WORK ORDER:
Your result will be the set of lines with "longleftrightarrow", copied from the material below.
[SUPPLIED RECORDS Boundary: Start]
(* Let $P:\mathcal{C}^{\mathrm{op}}\to\mathbf{Pos}$ be a slat-doctrine whose fibres have finite joins. Then its universal completion $P^{un}$ satisfies the counterexample property: for all objects $A,B$ of $\mathcal{C}$ and every $\alpha\in P(A\times B)$, if $(A,B,\alpha)\le(A,1,\bot_{A\times 1})$ in $P^{un}(A)$ (i.e. "$a{:}A\mid\forall b{:}B\,\alpha(a,b)\vdash\bot$"), then there exists an arrow $g:A\to B$ of $\mathcal{C}$ such that $P_{\langle 1_A,g\rangle}(\alpha)\le\bot_A$ in $P(A)$ (i.e. "$a{:}A\mid\alpha(a,g(a))\vdash\bot$").
   Context: A slat-doctrine is a functor $P:\mathcal{C}^{\mathrm{op}}\to\mathbf{Pos}$ with $\mathcal{C}$ having finite products; $P_f:P(Y)\to P(X)$ is reindexing along $f:X\to Y$; $\bot_X$ denotes the least element of $P(X)$. Universal completion: $P^{un}(A)$ is the poset (reflection of the preorder) of triples $(A,B,\alpha)$ with $\alpha\in P(A\times B)$, where $(A,B,\alpha)\le(A,C,\beta)$ iff there is an arrow $g:A\times C\to B$ with $P_{\langle\mathrm{pr}_A,g\rangle}(\alpha)\le\beta$; the triple $(A,B,\alpha)$ represents the formula $\forall b{:}B\,\alpha(a,b)$ (it is the universal quantification along $\mathrm{pr}_A:A\times B\to A$ of the image of $\alpha$ in $P^{un}(A\times B)$), and $(A,1,\bot_{A\times 1})$ represents $\bot$ in $P^{un}(A)$. *)

theory Defs
  imports Main
begin

text \<open>A category with (chosen) finite products, presented by objects, arrows
  with domain/codomain, composition (cmp g f = g after f), identities, a terminal
  object with unique arrows into it, and binary products with projections and
  pairing satisfying the universal property.\<close>

record ('o, 'a) fp_cat =
  Ob   :: "'o set"
  Ar   :: "'a set"
  dom  :: "'a \<Rightarrow> 'o"
  cod  :: "'a \<Rightarrow> 'o"
  cmp  :: "'a \<Rightarrow> 'a \<Rightarrow> 'a"
  idt  :: "'o \<Rightarrow> 'a"
  one  :: "'o"
  bang :: "'o \<Rightarrow> 'a"
  prd  :: "'o \<Rightarrow> 'o \<Rightarrow> 'o"
  pr1  :: "'o \<Rightarrow> 'o \<Rightarrow> 'a"
  pr2  :: "'o \<Rightarrow> 'o \<Rightarrow> 'a"
  pair :: "'a \<Rightarrow> 'a \<Rightarrow> 'a"

definition Hom :: "('o, 'a, 'c) fp_cat_scheme \<Rightarrow> 'o \<Rightarrow> 'o \<Rightarrow> 'a set" where
  "Hom C X Y = {f \<in> Ar C. dom C f = X \<and> cod C f = Y}"

definition is_fp_cat :: "('o, 'a, 'c) fp_cat_scheme \<Rightarrow> bool" where
  "is_fp_cat C \<longleftrightarrow>
     (\<forall>f \<in> Ar C. dom C f \<in> Ob C \<and> cod C f \<in> Ob C)
   \<and> (\<forall>X \<in> Ob C. idt C X \<in> Hom C X X)
   \<and> (\<forall>X \<in> Ob C. \<forall>Y \<in> Ob C. \<forall>Z \<in> Ob C. \<forall>f \<in> Hom C X Y. \<forall>g \<in> Hom C Y Z.
        cmp C g f \<in> Hom C X Z)
   \<and> (\<forall>W \<in> Ob C. \<forall>X \<in> Ob C. \<forall>Y \<in> Ob C. \<forall>Z \<in> Ob C.
        \<forall>f \<in> Hom C W X. \<forall>g \<in> Hom C X Y. \<forall>h \<in> Hom C Y Z.
        cmp C h (cmp C g f) = cmp C (cmp C h g) f)
   \<and> (\<forall>X \<in> Ob C. \<forall>Y \<in> Ob C. \<forall>f \<in> Hom C X Y.
        cmp C (idt C Y) f = f \<and> cmp C f (idt C X) = f)
   \<and> one C \<in> Ob C
   \<and> (\<forall>X \<in> Ob C. bang C X \<in> Hom C X (one C) \<and> (\<forall>f \<in> Hom C X (one C). f = bang C X))
   \<and> (\<forall>X \<in> Ob C. \<forall>Y \<in> Ob C.
        prd C X Y \<in> Ob C
      \<and> pr1 C X Y \<in> Hom C (prd C X Y) X
      \<and> pr2 C X Y \<in> Hom C (prd C X Y) Y
      \<and> (\<forall>Z \<in> Ob C. \<forall>f \<in> Hom C Z X. \<forall>g \<in> Hom C Z Y.
           pair C f g \<in> Hom C Z (prd C X Y)
         \<and> cmp C (pr1 C X Y) (pair C f g) = f
         \<and> cmp C (pr2 C X Y) (pair C f g) = g
         \<and> (\<forall>h \<in> Hom C Z (prd C X Y).
              cmp C (pr1 C X Y) h = f \<and> cmp C (pr2 C X Y) h = g \<longrightarrow> h = pair C f g)))"

text \<open>A doctrine: a functor P : C^op \<rightarrow> Pos. fib X is the carrier of P(X),
  leq X its partial order, reidx f is P_f.\<close>

record ('o, 'a, 'p) doctrine =
  fib   :: "'o \<Rightarrow> 'p set"
  leq   :: "'o \<Rightarrow> 'p \<Rightarrow> 'p \<Rightarrow> bool"
  reidx :: "'a \<Rightarrow> 'p \<Rightarrow> 'p"

definition is_slat_doctrine ::
  "('o, 'a, 'c) fp_cat_scheme \<Rightarrow> ('o, 'a, 'p, 'd) doctrine_scheme \<Rightarrow> bool" where
  "is_slat_doctrine C P \<longleftrightarrow>
     is_fp_cat C
   \<and> (\<forall>X \<in> Ob C.
        (\<forall>x \<in> fib P X. leq P X x x)
      \<and> (\<forall>x \<in> fib P X. \<forall>y \<in> fib P X. \<forall>z \<in> fib P X.
           leq P X x y \<and> leq P X y z \<longrightarrow> leq P X x z)
      \<and> (\<forall>x \<in> fib P X. \<forall>y \<in> fib P X. leq P X x y \<and> leq P X y x \<longrightarrow> x = y))
   \<and> (\<forall>X \<in> Ob C. \<forall>Y \<in> Ob C. \<forall>f \<in> Hom C X Y.
        (\<forall>y \<in> fib P Y. reidx P f y \<in> fib P X)
      \<and> (\<forall>y \<in> fib P Y. \<forall>y' \<in> fib P Y. leq P Y y y' \<longrightarrow> leq P X (reidx P f y) (reidx P f y')))
   \<and> (\<forall>X \<in> Ob C. \<forall>x \<in> fib P X. reidx P (idt C X) x = x)
   \<and> (\<forall>X \<in> Ob C. \<forall>Y \<in> Ob C. \<forall>Z \<in> Ob C. \<forall>f \<in> Hom C X Y. \<forall>g \<in> Hom C Y Z.
        \<forall>z \<in> fib P Z. reidx P (cmp C g f) z = reidx P f (reidx P g z))"

definition fibres_have_finite_joins ::
  "('o, 'a, 'c) fp_cat_scheme \<Rightarrow> ('o, 'a, 'p, 'd) doctrine_scheme \<Rightarrow> bool" where
  "fibres_have_finite_joins C P \<longleftrightarrow>
     (\<forall>X \<in> Ob C.
        (\<exists>b \<in> fib P X. \<forall>x \<in> fib P X. leq P X b x)
      \<and> (\<forall>x \<in> fib P X. \<forall>y \<in> fib P X. \<exists>j \<in> fib P X.
           leq P X x j \<and> leq P X y j
         \<and> (\<forall>z \<in> fib P X. leq P X x z \<and> leq P X y z \<longrightarrow> leq P X j z)))"

definition fbot :: "('o, 'a, 'p, 'd) doctrine_scheme \<Rightarrow> 'o \<Rightarrow> 'p" where
  "fbot P X = (THE b. b \<in> fib P X \<and> (\<forall>x \<in> fib P X. leq P X b x))"

text \<open>The preorder on P^un(A): (A,B,alpha) \<le> (A,C,beta) iff there is
  g : A\<times>C \<rightarrow> B with P_<pr_A,g>(alpha) \<le> beta in P(A\<times>C).\<close>

definition un_le ::
  "('o, 'a, 'c) fp_cat_scheme \<Rightarrow> ('o, 'a, 'p, 'd) doctrine_scheme \<Rightarrow>
     'o \<Rightarrow> 'o \<Rightarrow> 'p \<Rightarrow> 'o \<Rightarrow> 'p \<Rightarrow> bool" where
  "un_le C P A B \<alpha> D \<beta> \<longleftrightarrow>
     (\<exists>g \<in> Hom C (prd C A D) B.
        leq P (prd C A D) (reidx P (pair C (pr1 C A D) g) \<alpha>) \<beta>)"

end

theory Submission
  imports Defs
begin

(* A witness g : A \<times> 1 \<rightarrow> B for the inequality in the universal completion yields the arrow
  g \<circ> s : A \<rightarrow> B, where s = \<langle>1\<^sub>A, !\<^sub>A\<rangle> : A \<rightarrow> A \<times> 1. Indeed
  \<langle>1\<^sub>A, g \<circ> s\<rangle> = \<langle>pr\<^sub>A, g\<rangle> \<circ> s, and reindexing along s preserves the least element
  because s is a section of pr\<^sub>A: the bottom of P(A \<times> 1) lies below the reindexing
  along pr\<^sub>A of any element of P(A). *)

context
  fixes C :: "('o, 'a, 'c) fp_cat_scheme"
  assumes fp: "is_fp_cat C"
begin

lemma one_in_Ob: "one C \<in> Ob C"
  using fp by (simp add: is_fp_cat_def)

lemma idt_in_Hom: "X \<in> Ob C \<Longrightarrow> idt C X \<in> Hom C X X"
  using fp by (simp add: is_fp_cat_def)

lemma cmp_in_Hom:
  "\<lbrakk>X \<in> Ob C; Y \<in> Ob C; Z \<in> Ob C; f \<in> Hom C X Y; g \<in> Hom C Y Z\<rbrakk>
    \<Longrightarrow> cmp C g f \<in> Hom C X Z"
  using fp by (simp add: is_fp_cat_def)

lemma cmp_assoc:
  "\<lbrakk>W \<in> Ob C; X \<in> Ob C; Y \<in> Ob C; Z \<in> Ob C;
    f \<in> Hom C W X; g \<in> Hom C X Y; h \<in> Hom C Y Z\<rbrakk>
    \<Longrightarrow> cmp C h (cmp C g f) = cmp C (cmp C h g) f"
  using fp by (simp add: is_fp_cat_def)

lemma bang_in_Hom: "X \<in> Ob C \<Longrightarrow> bang C X \<in> Hom C X (one C)"
  using fp by (simp add: is_fp_cat_def)

lemma prd_in_Ob: "\<lbrakk>X \<in> Ob C; Y \<in> Ob C\<rbrakk> \<Longrightarrow> prd C X Y \<in> Ob C"
  using fp by (simp add: is_fp_cat_def)

lemma pr1_in_Hom: "\<lbrakk>X \<in> Ob C; Y \<in> Ob C\<rbrakk> \<Longrightarrow> pr1 C X Y \<in> Hom C (prd C X Y) X"
  using fp by (simp add: is_fp_cat_def)

lemma pr2_in_Hom: "\<lbrakk>X \<in> Ob C; Y \<in> Ob C\<rbrakk> \<Longrightarrow> pr2 C X Y \<in> Hom C (prd C X Y) Y"
  using fp by (simp add: is_fp_cat_def)

context
  fixes X Y Z f g
  assumes obs: "X \<in> Ob C" "Y \<in> Ob C" "Z \<in> Ob C"
    and f: "f \<in> Hom C Z X" and g: "g \<in> Hom C Z Y"
begin

lemma pair_in_Hom: "pair C f g \<in> Hom C Z (prd C X Y)"
  using fp obs f g by (simp add: is_fp_cat_def)

lemma pr1_pair: "cmp C (pr1 C X Y) (pair C f g) = f"
  using fp obs f g by (simp add: is_fp_cat_def)

lemma pr2_pair: "cmp C (pr2 C X Y) (pair C f g) = g"
  using fp obs f g by (simp add: is_fp_cat_def)

lemma pair_unique:
  "\<lbrakk>h \<in> Hom C Z (prd C X Y); cmp C (pr1 C X Y) h = f; cmp C (pr2 C X Y) h = g\<rbrakk>
    \<Longrightarrow> h = pair C f g"
  using fp obs f g by (simp add: is_fp_cat_def)

end

lemma pair_cmp:
  assumes obs: "W \<in> Ob C" "X \<in> Ob C" "Y \<in> Ob C" "Z \<in> Ob C"
    and f: "f \<in> Hom C Z X" and g: "g \<in> Hom C Z Y" and h: "h \<in> Hom C W Z"
  shows "cmp C (pair C f g) h = pair C (cmp C f h) (cmp C g h)"
proof (rule pair_unique)
  have fg: "pair C f g \<in> Hom C Z (prd C X Y)"
    using pair_in_Hom[OF obs(2-4) f g] .
  show "cmp C (pair C f g) h \<in> Hom C W (prd C X Y)"
    using cmp_in_Hom obs prd_in_Ob h fg by blast
  show "cmp C (pr1 C X Y) (cmp C (pair C f g) h) = cmp C f h"
    using cmp_assoc[OF _ _ prd_in_Ob _ h fg pr1_in_Hom] pr1_pair obs f g by simp
  show "cmp C (pr2 C X Y) (cmp C (pair C f g) h) = cmp C g h"
    using cmp_assoc[OF _ _ prd_in_Ob _ h fg pr2_in_Hom] pr2_pair obs f g by simp
qed (use obs f g h cmp_in_Hom in auto)

end

context
  fixes C :: "('o, 'a, 'c) fp_cat_scheme" and P :: "('o, 'a, 'p, 'd) doctrine_scheme"
  assumes sl: "is_slat_doctrine C P"
begin

lemma slat_doctrine_fp_cat: "is_fp_cat C"
  using sl unfolding is_slat_doctrine_def by blast

lemma leq_antisym:
  "\<lbrakk>X \<in> Ob C; x \<in> fib P X; y \<in> fib P X; leq P X x y; leq P X y x\<rbrakk> \<Longrightarrow> x = y"
  using sl unfolding is_slat_doctrine_def by blast

lemma reidx_in_fib:
  "\<lbrakk>X \<in> Ob C; Y \<in> Ob C; f \<in> Hom C X Y; y \<in> fib P Y\<rbrakk> \<Longrightarrow> reidx P f y \<in> fib P X"
  using sl unfolding is_slat_doctrine_def by blast

lemma reidx_mono:
  "\<lbrakk>X \<in> Ob C; Y \<in> Ob C; f \<in> Hom C X Y; y \<in> fib P Y; y' \<in> fib P Y; leq P Y y y'\<rbrakk>
    \<Longrightarrow> leq P X (reidx P f y) (reidx P f y')"
  using sl unfolding is_slat_doctrine_def by blast

lemma reidx_idt: "\<lbrakk>X \<in> Ob C; x \<in> fib P X\<rbrakk> \<Longrightarrow> reidx P (idt C X) x = x"
  using sl unfolding is_slat_doctrine_def by blast

lemma reidx_cmp:
  "\<lbrakk>X \<in> Ob C; Y \<in> Ob C; Z \<in> Ob C; f \<in> Hom C X Y; g \<in> Hom C Y Z; z \<in> fib P Z\<rbrakk>
    \<Longrightarrow> reidx P (cmp C g f) z = reidx P f (reidx P g z)"
  using sl unfolding is_slat_doctrine_def by blast

lemma fbot_eqI:
  assumes "X \<in> Ob C" "b \<in> fib P X" "\<forall>x \<in> fib P X. leq P X b x"
  shows "fbot P X = b"
  unfolding fbot_def
  by (rule the_equality) (use assms leq_antisym in blast)+

lemma fbot_least:
  assumes "X \<in> Ob C" "\<exists>b \<in> fib P X. \<forall>x \<in> fib P X. leq P X b x"
  shows "fbot P X \<in> fib P X" "\<forall>x \<in> fib P X. leq P X (fbot P X) x"
  using assms fbot_eqI by metis+

lemma reidx_section_fbot:
  assumes X: "X \<in> Ob C" and Y: "Y \<in> Ob C"
    and s: "s \<in> Hom C X Y" and r: "r \<in> Hom C Y X" and rs: "cmp C r s = idt C X"
    and bot: "\<exists>b \<in> fib P Y. \<forall>y \<in> fib P Y. leq P Y b y"
  shows "reidx P s (fbot P Y) = fbot P X"
proof (rule sym, rule fbot_eqI[OF X])
  note bY = fbot_least[OF Y bot]
  show "reidx P s (fbot P Y) \<in> fib P X"
    using reidx_in_fib X Y s bY(1) .
  show "\<forall>x \<in> fib P X. leq P X (reidx P s (fbot P Y)) x"
  proof
    fix x assume x: "x \<in> fib P X"
    have rx: "reidx P r x \<in> fib P Y"
      using reidx_in_fib Y X r x .
    have "leq P X (reidx P s (fbot P Y)) (reidx P s (reidx P r x))"
      using reidx_mono[OF X Y s bY(1) rx] bY(2) rx by blast
    also have "reidx P s (reidx P r x) = x"
      using reidx_cmp[OF X Y X s r x] rs reidx_idt X x by simp
    finally show "leq P X (reidx P s (fbot P Y)) x" .
  qed
qed

end

lemma fibres_have_finite_joins_bot:
  "\<lbrakk>fibres_have_finite_joins C P; X \<in> Ob C\<rbrakk>
    \<Longrightarrow> \<exists>b \<in> fib P X. \<forall>x \<in> fib P X. leq P X b x"
  unfolding fibres_have_finite_joins_def by blast

theorem theorem11:
  fixes C :: "('o, 'a) fp_cat" and P :: "('o, 'a, 'p) doctrine"
  assumes "is_slat_doctrine C P"
    and "fibres_have_finite_joins C P"
    and "A \<in> Ob C" and "B \<in> Ob C"
    and "\<alpha> \<in> fib P (prd C A B)"
    and "un_le C P A B \<alpha> (one C) (fbot P (prd C A (one C)))"
  shows "\<exists>g \<in> Hom C A B. leq P A (reidx P (pair C (idt C A) g) \<alpha>) (fbot P A)"
proof -
  note sl = assms(1) and A = assms(3) and B = assms(4) and \<alpha> = assms(5)
  note fp = slat_doctrine_fp_cat[OF sl]
  define A1 where "A1 = prd C A (one C)"
  define p where "p = pr1 C A (one C)"
  define s where "s = pair C (idt C A) (bang C A)"
  have O: "one C \<in> Ob C" using one_in_Ob[OF fp] .
  have A1: "A1 \<in> Ob C" using prd_in_Ob[OF fp A O] unfolding A1_def .
  have AB: "prd C A B \<in> Ob C" using prd_in_Ob[OF fp A B] .
  have p: "p \<in> Hom C A1 A" using pr1_in_Hom[OF fp A O] unfolding p_def A1_def .
  note idA = idt_in_Hom[OF fp A] and bA = bang_in_Hom[OF fp A]
  have s: "s \<in> Hom C A A1" using pair_in_Hom[OF fp A O A idA bA] unfolding s_def A1_def .
  have ps: "cmp C p s = idt C A" using pr1_pair[OF fp A O A idA bA] unfolding s_def p_def .
  obtain g where g: "g \<in> Hom C A1 B" and le: "leq P A1 (reidx P (pair C p g) \<alpha>) (fbot P A1)"
    using assms(6) unfolding un_le_def A1_def p_def by blast
  have k: "pair C p g \<in> Hom C A1 (prd C A B)" using pair_in_Hom[OF fp A B A1 p g] .
  have gs: "cmp C g s \<in> Hom C A B" using cmp_in_Hom[OF fp A A1 B s g] .
  have "pair C (idt C A) (cmp C g s) = cmp C (pair C p g) s"
    using pair_cmp[OF fp A A B A1 p g s] ps by simp
  then have "reidx P (pair C (idt C A) (cmp C g s)) \<alpha> = reidx P s (reidx P (pair C p g) \<alpha>)"
    using reidx_cmp[OF sl A A1 AB s k \<alpha>] by simp
  also have "leq P A \<dots> (reidx P s (fbot P A1))"
    using reidx_mono[OF sl A A1 s reidx_in_fib[OF sl A1 AB k \<alpha>]
        fbot_least(1)[OF sl A1 fibres_have_finite_joins_bot[OF assms(2) A1]] le] .
  also have "reidx P s (fbot P A1) = fbot P A"
    using reidx_section_fbot[OF sl A A1 s p ps fibres_have_finite_joins_bot[OF assms(2) A1]] .
  finally show ?thesis using gs by blast
qed

end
[SUPPLIED RECORDS Boundary: End]
EXERCISE OUTPUT:
  "is_fp_cat C \<longleftrightarrow>
  "is_slat_doctrine C P \<longleftrightarrow>
  "fibres_have_finite_joins C P \<longleftrightarrow>
  "un_le C P A B \<alpha> D \<beta> \<longleftrightarrow>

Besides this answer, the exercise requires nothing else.